Objectives Since the IL-12 family has been shown to regulate the generation of T regulatory 1 (Tr1) cells and Tr1 cells have been indicated a functional role in disease progress of SS through their secretion of the immunosuppressive cytokine IL-10[3-4]. The aim of the present study was to identify the specific members of IL-12 family involved in the pathogenesis of SS and to explore the relationship of IL-12 family cytokines with IL-10.
Methods 20 SS patients, 20 RA patients, 20 SLE patients and 20 healthy volunteers were recruited in the present study. Expressions of IL-12, IL-23, IL-27, and IL-35 in peripheral blood mononuclear cells (PBMCs) from patients with SS, RA, SLE and healthy controls were determined by quantitative PCR. Plasma levels of IL-12, IL-27 and IL-10 were detected by Enzyme-linked Immunosorbent Assay.
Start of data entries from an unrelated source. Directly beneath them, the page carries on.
lemma eb_f_gamma:
  assumes "q ^ 4 \<noteq> 1" and w: "weight s t w"
  shows "eb (f\<gamma> w) = f\<gamma> (eb w) + sc (qp hbar t) (fa w)"
proof -
  have "eb (f\<gamma> w) = f\<gamma> (eb w)
    + sc ((qp hbar (t + 2) - qp hbar (- (t + 2))) / (q ^ 2 - inverse q ^ 2)
      - inverse q ^ 2 * ((qp hbar t - qp hbar (- t)) / (q ^ 2 - inverse q ^ 2))) (fa w)"
    using eb_fb_weight[OF weight_fa[OF w]] eb_fb_weight[OF w]
    by (simp add: f_gamma_apply eb_fa algebra_simps scale_left_diff_distrib)
  then show ?thesis
    unfolding eb_fb_coefficient_shift[OF assms(1)] .
qed

end

section \<open>The module generated by a highest weight vector\<close>

locale Uq_sp4_hw = Uq_sp4_rep +
  fixes v and a :: complex
  assumes q_generic: "\<And>n. n > 0 \<Longrightarrow> q ^ n \<noteq> 1"
    and a_cond: "qp hbar (2 * a) = - qp hbar (- 2)"
    and highest_weight: "ea v = 0" "eb v = 0" "fb v = 0" "hb v = 0" "ha v = sc a v"
    and f_delta_v: "f\<delta> v = 0"
begin

lemma q2_neq_1: "q ^ 2 \<noteq> 1"
  using q_generic[of 2] by simp

lemma q4_neq_1: "q ^ 4 \<noteq> 1"
  using q_generic[of 4] by simp

definition pbw :: "nat \<Rightarrow> nat \<Rightarrow> 'a" where
  "pbw p r = (fa ^^ p) ((f\<gamma> ^^ r) v)"

lemma pbw_Suc: "pbw (Suc p) r = fa (pbw p r)"
  by (simp add: pbw_def)

lemma pbw_0_0: "pbw 0 0 = v"
  by (simp add: pbw_def)

lemma pbw_0_Suc: "pbw 0 (Suc r) = f\<gamma> (pbw 0 r)"
  by (simp add: pbw_def)
text \<open>Sequences: omega :: nat => nat with values in {0,1} (Omega), upsilon :: nat => nat
  with values in {0,1,2} (Upsilon); index 0 holds the first symbol omega_1.\<close>
definition shift :: "(nat \<Rightarrow> nat) \<Rightarrow> nat \<Rightarrow> nat" where
  "shift w = (\<lambda>n. w (Suc n))"

type_synonym state = "(nat \<Rightarrow> nat) \<times> (nat \<Rightarrow> nat) \<times> (real \<times> real)"

text \<open>Index of the digit vector subtracted by K_beta (so d_1 = qv of it).
  Points outside all regions (outside S_beta) get an arbitrary value.\<close>
definition digit_idx :: "real \<Rightarrow> state \<Rightarrow> nat" where
  "digit_idx b s = (case s of (w, u, z) \<Rightarrow>
     if inE0 b z then 0
     else if inE1 b z then 1
     else if inE2 b z then 2
     else if inC01 b z then (if w 0 = 0 then 0 else 1)
     else if inC12 b z then (if w 0 = 0 then 1 else 2)
     else if inC02 b z then (if w 0 = 0 then 0 else 2)
     else if inC012 b z then u 0
     else 0)"

definition K_beta :: "real \<Rightarrow> state \<Rightarrow> state" where
  "K_beta b s = (case s of (w, u, z) \<Rightarrow>
     let z' = b *\<^sub>R z - qv (digit_idx b s) in
     if inE0 b z \<or> inE1 b z \<or> inE2 b z then (w, u, z')
     else if inC01 b z \<or> inC12 b z \<or> inC02 b z then (shift w, u, z')
     else if inC012 b z then (w, shift u, z')
     else (w, u, z'))"
(* A packed word $w$ is $212$-avoiding if and only if there is a generalized Stirling permutation $u$ with $\mathbf w(u)=w$.
   Context: A word $w=w_1\cdots w_n$ of positive integers is a packed word if its set of letters is $\{1,\dots,m\}$ for some $m\ge0$. It is $212$-avoiding if whenever $i<j<k$ and $w_i=w_k$ we have $w_j\ge w_i$. A planar tree is a rooted tree in which the children of each node are linearly ordered and every node is a leaf or has at least two children (an internal node). A generalized Stirling permutation of degree $n$ is a planar tree with $n+1$ leaves together with a bijection $\kappa$ from its set of internal nodes to $\{1,\dots,N\}$ ($N$ = number of internal nodes) such that the label of each internal node is smaller than the labels of its internal children. Its word $\mathbf w(u)$ is defined recursively: a leaf has empty word; a node $x$ with children $c_1,\dots,c_k$ (left to right) has word $\mathbf w(c_1)\,\kappa(x)\,\mathbf w(c_2)\,\kappa(x)\cdots\kappa(x)\,\mathbf w(c_k)$ (i.e. the label of $x$ is written in each of the $k-1$ gaps between its children), and $\mathbf w(u)$ is the word of the root. *)

theory Defs
  imports Main
begin

datatype ptree = Leaf | Node nat "ptree list"

fun planar :: "ptree \<Rightarrow> bool" where
  "planar Leaf = True"
| "planar (Node k cs) = (2 \<le> length cs \<and> (\<forall>c\<in>set cs. planar c))"

fun labels :: "ptree \<Rightarrow> nat list" where
  "labels Leaf = []"
| "labels (Node k cs) = k # concat (map labels cs)"

fun increasing :: "ptree \<Rightarrow> bool" where
  "increasing Leaf = True"
| "increasing (Node k cs) =
     (\<forall>c\<in>set cs. (case c of Leaf \<Rightarrow> True | Node k' _ \<Rightarrow> k < k') \<and> increasing c)"

fun join_with :: "nat \<Rightarrow> nat list list \<Rightarrow> nat list" where
  "join_with k [] = []"
| "join_with k [x] = x"
| "join_with k (x # y # xs) = x @ [k] @ join_with k (y # xs)"

fun tword :: "ptree \<Rightarrow> nat list" where
  "tword Leaf = []"
| "tword (Node k cs) = join_with k (map tword cs)"

definition gen_stirling :: "ptree \<Rightarrow> bool" where
  "gen_stirling t \<longleftrightarrow> planar t \<and> increasing t \<and> distinct (labels t)
     \<and> set (labels t) = {1..length (labels t)}"

definition packed :: "nat list \<Rightarrow> bool" where
  "packed w \<longleftrightarrow> (\<exists>m. set w = {1..m})"

definition avoids212 :: "nat list \<Rightarrow> bool" where
  "avoids212 w \<longleftrightarrow> (\<forall>i j k. i < j \<and> j < k \<and> k < length w \<and> w ! i = w ! k \<longrightarrow> w ! i \<le> w ! j)"

end

theory Submission
  imports Defs
begin

(* The word of an increasing tree avoids 212: at a node labelled k the words of the subtrees
   use pairwise disjoint sets of letters, all larger than k, so the two equal letters of a
   would-be pattern lie in the word of one subtree.
   Conversely, cut a 212-avoiding word at the occurrences of its minimal letter m. The factors
   are again 212-avoiding, and they are pairwise disjoint, since a letter occurring in two of
   them has an m between its occurrences and so would be at most m. Recursing on the factors
   gives an increasing planar tree with this word whose labels are distinct, and packedness
   makes the labels exactly 1..N. *)

lemma avoids212_reindex:
  assumes w: "avoids212 w" and f: "strict_mono f"
    and v: "\<forall>i<length v. f i < length w \<and> v ! i = w ! f i"
  shows "avoids212 v"
  unfolding avoids212_def
proof (intro allI impI)
  fix i j k
  assume "i < j \<and> j < k \<and> k < length v \<and> v ! i = v ! k"
  moreover from this have "f i < f j" "f j < f k" using f by (auto dest: strict_monoD)
  ultimately show "v ! i \<le> v ! j"
    using v w[unfolded avoids212_def, rule_format, of "f i" "f j" "f k"] by auto
qed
Results IL-12 and IL-27 mRNA significantly increased in PBMCs from patients with SS than healthy controls. Increased plasma levels of IL-12 and IL-27 have been confirmed in SS patients. Plasma IL-12 and IL-27 correlated with clinic indexes, such as anti-SSA, anti-SSB and ANA antibodies. IL-12 levels showed a negative correlation with plasma IL-10. However, no significant correlation was found between plasma IL-27 and IL-10 (Fig1).
Conclusions These findings suggested that IL-12 might have a pivotal role in the development and progression of SS through suppression of differentiation of IL-10-producing Tr1 cells. Therapeutic targeting IL-12 and Tr1 cells might be useful in the modulating of SS.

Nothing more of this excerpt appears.